(DIRECTIONS FOR THIS TASK): All lines from the one that mentions "then obtain m" through the last of the entries below must be copied exactly, with both ends kept.

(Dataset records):

lemma add_diff_fun_cancel: "(m :: 'a \<Rightarrow> nat) \<le> y \<Longrightarrow> m + (y - m) = y"
  by (simp add: fun_eq_iff le_fun_def)

lemma phi_zero: "phi ns 0 = 0"
  by (simp add: phi_def)

lemma phi_diff: "m \<le> y \<Longrightarrow> phi ns y = phi ns m + phi ns (y - m)"
  using phi_add[of ns m "y - m"] by (simp add: add_diff_fun_cancel)

lemma phi_unit: "i < length ns \<Longrightarrow> phi ns (0(i := 1)) = ns ! i"
proof -
  assume "i < length ns"
  have "phi ns (0(i := 1)) = (\<Sum>k<length ns. if k = i then ns ! k else 0)"
    unfolding phi_def by (intro sum.cong) auto
  then show ?thesis using \<open>i < length ns\<close> by simp
qed

lemma unit_in_vecs: "i < length ns \<Longrightarrow> 0(i := 1) \<in> vecs ns"
  by (simp add: vecs_def)

lemma vecs_add: "a \<in> vecs ns \<Longrightarrow> b \<in> vecs ns \<Longrightarrow> a + b \<in> vecs ns"
  by (simp add: vecs_def)

lemma vecs_diff: "a \<in> vecs ns \<Longrightarrow> a - b \<in> vecs ns"
  by (simp add: vecs_def)

lemma vecs_nonzero_index: "z \<in> vecs ns \<Longrightarrow> z i \<noteq> 0 \<Longrightarrow> i < length ns"
  unfolding vecs_def using not_less by auto

lemma zero_in_vecs: "0 \<in> vecs ns"
  by (simp add: vecs_def)

lemma dot_neq_0_iff: "dot ns a b \<noteq> 0 \<longleftrightarrow> (\<exists>i<length ns. a i \<noteq> 0 \<and> b i \<noteq> 0)"
  by (auto simp: dot_def)

lemma dot_neq_0_if_common_below:
  assumes "a \<in> vecs ns" "a \<noteq> 0" "a \<le> x" "a \<le> y"
  shows "dot ns x y \<noteq> 0"
proof -
  obtain i where "a i \<noteq> 0" using assms(2) by (auto simp: fun_eq_iff)
  moreover have "i < length ns" using assms(1) \<open>a i \<noteq> 0\<close> by (rule vecs_nonzero_index)
  moreover have "x i \<noteq> 0" "y i \<noteq> 0"
    using assms(3,4) \<open>a i \<noteq> 0\<close> by (metis le_fun_def le_zero_eq)+
  ultimately show ?thesis unfolding dot_neq_0_iff by blast
qed

lemma sum_less_if_vecs_less:
  assumes "m \<in> vecs ns" "y \<in> vecs ns" "m < y"
  shows "(\<Sum>i<length ns. m i) < (\<Sum>i<length ns. y i)"
proof -
  obtain j where j: "m j < y j" using assms(3) by (auto simp: less_fun_def le_fun_def not_le)
  then have "j < length ns" using assms(2) by (intro vecs_nonzero_index) auto
  then show ?thesis
    using assms(3) j by (intro sum_strict_mono_ex1) (auto simp: less_fun_def le_fun_def)
qed

lemma Is_imp_Z_eq: "z \<in> Is ns \<Longrightarrow> Z ns (phi ns z) = {z}"
  unfolding Is_def Z_def by blast

lemma Z_two_imp_not_Is: "z \<in> Z ns s \<Longrightarrow> z' \<in> Z ns s \<Longrightarrow> z \<noteq> z' \<Longrightarrow> z \<notin> Is ns"
  using Is_imp_Z_eq[of z ns] by (auto simp: Z_def)

lemma isolated_subset_Z: "isolated ns t \<subseteq> Z ns t"
  by (auto simp: isolated_def)

lemma Bset_iff:
  "v \<in> Bset ns s L \<longleftrightarrow>
     v \<in> Z ns s \<and> (\<exists>w\<in>Is ns. \<exists>xs. set xs \<subseteq> isolated_set ns L \<and> v = w + sum_list xs)"
  by (simp add: Bset_def plus_fun_def sum_list_fun_apply)

lemma Is_in_Bset: "w \<in> Is ns \<Longrightarrow> w \<in> Bset ns (phi ns w) L"
  unfolding Bset_iff by (auto simp: Z_def Is_def intro!: bexI[of _ w] exI[of _ "[]"])

lemma isolated_add_Bset:
  assumes "x \<in> isolated_set ns L" "y \<in> Bset ns a L"
  shows "x + y \<in> Bset ns (phi ns x + a) L"
proof -
  obtain w xs where w: "w \<in> Is ns" "set xs \<subseteq> isolated_set ns L" "y = w + sum_list xs"
    and y: "y \<in> Z ns a" using assms(2) unfolding Bset_iff by blast
  have "x \<in> vecs ns" using assms(1) by (auto simp: isolated_set_def isolated_def Z_def)
  then have "x + y \<in> Z ns (phi ns x + a)" using y by (simp add: Z_def phi_add vecs_add)
  moreover have "x + y = w + sum_list (x # xs)" using w(3) by (simp add: add_ac)
  ultimately show ?thesis using w(1,2) assms(1) unfolding Bset_iff
    by (intro conjI bexI[of _ w] exI[of _ "x # xs"]) auto
qed

lemma Bset_decompose:
  assumes "z \<in> Bset ns s L" "z \<notin> Is ns"
  obtains t x where "t \<in> L" "x \<in> isolated ns t" "x \<le> z"
proof -
  obtain w xs where w: "w \<in> Is ns" "set xs \<subseteq> isolated_set ns L" "z = w + sum_list xs"
    using assms(1) unfolding Bset_iff by blast
  obtain x xs' where "xs = x # xs'" using assms(2) w by (cases xs) auto
  then have "x \<in> isolated_set ns L" "x \<le> z" using w by (auto simp: le_fun_def)
  then show ?thesis using that unfolding isolated_set_def by blast
qed

lemma nabla_path_via_common_neighbour:
  assumes "z \<in> V" "z' \<in> V" "v \<in> V" "dot ns z z' = 0" "dot ns z v \<noteq> 0" "dot ns v z' \<noteq> 0"
  shows "(z, z') \<in> {(a, b). a \<in> V \<and> b \<in> V \<and> a \<noteq> b \<and> dot ns a b \<noteq> 0}\<^sup>*"
proof -
  have "v \<noteq> z" "v \<noteq> z'" using assms(4-6) by auto
  then show ?thesis using assms(1-3,5,6) by (intro rtrancl_into_rtrancl[OF r_into_rtrancl]) auto
qed

lemma isolated_imp_not_connected:
  assumes "m \<in> isolated ns t" "x \<in> Z ns t" "x \<noteq> m"
  shows "\<not> nabla_connected_on ns (Z ns t)"
proof
  let ?E = "{(a, b). a \<in> Z ns t \<and> b \<in> Z ns t \<and> a \<noteq> b \<and> dot ns a b \<noteq> 0}"
  assume "nabla_connected_on ns (Z ns t)"
  then have "(m, x) \<in> ?E\<^sup>*" using assms unfolding nabla_connected_on_def isolated_def by blast
  then show False
  proof (cases rule: converse_rtranclE)
    case base
    then show ?thesis using assms(3) by simp
  next
    case (step y)
    then have "y \<in> Z ns t - {m}" "dot ns m y \<noteq> 0" by auto
    then show ?thesis using assms(1) by (auto simp: isolated_def)
  qed
qed

lemma Betti_disjoint_Is:
  assumes "t \<in> Betti ns S" "x \<in> Z ns t"
  shows "x \<notin> Is ns"
proof
  assume "x \<in> Is ns"
  then have "Z ns t = {x}" using Is_imp_Z_eq[of x ns] assms(2) by (simp add: Z_def)
  then have "nabla_connected_on ns (Z ns t)" by (simp add: nabla_connected_on_def)
  then show False using assms(1) by (simp add: Betti_def)
qed

definition min_not_Is :: "nat list \<Rightarrow> (nat \<Rightarrow> nat) \<Rightarrow> bool" where
  "min_not_Is ns m \<longleftrightarrow> m \<in> vecs ns \<and> m \<notin> Is ns \<and> (\<forall>m'\<in>vecs ns. m' < m \<longrightarrow> m' \<in> Is ns)"

lemma min_not_Is_exists:
  assumes "y \<in> vecs ns" "y \<notin> Is ns"
  obtains m where "m \<le> y" "min_not_Is ns m"
  using assms
proof (induction "\<Sum>i<length ns. y i" arbitrary: y thesis rule: less_induct)
  case less
  show ?case
  proof (cases "min_not_Is ns y")
    case True
    then show ?thesis using less.prems(1) by blast
  next
    case False
    then obtain y' where y': "y' \<in> vecs ns" "y' < y" "y' \<notin> Is ns"
      using less.prems(2,3) unfolding min_not_Is_def by blast
    then have "(\<Sum>i<length ns. y' i) < (\<Sum>i<length ns. y i)"
      using less.prems(2) by (intro sum_less_if_vecs_less)
    then obtain m where "m \<le> y'" "min_not_Is ns m" using less.hyps y'(1,3) by blast
    then show ?thesis using less.prems(1) y'(2) by (meson less_imp_le order_trans)
  qed
qed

(EXERCISE RESULT):
    then obtain m where "m \<le> y'" "min_not_Is ns m" using less.hyps y'(1,3) by blast
    then show ?thesis using less.prems(1) y'(2) by (meson less_imp_le order_trans)
  qed
qed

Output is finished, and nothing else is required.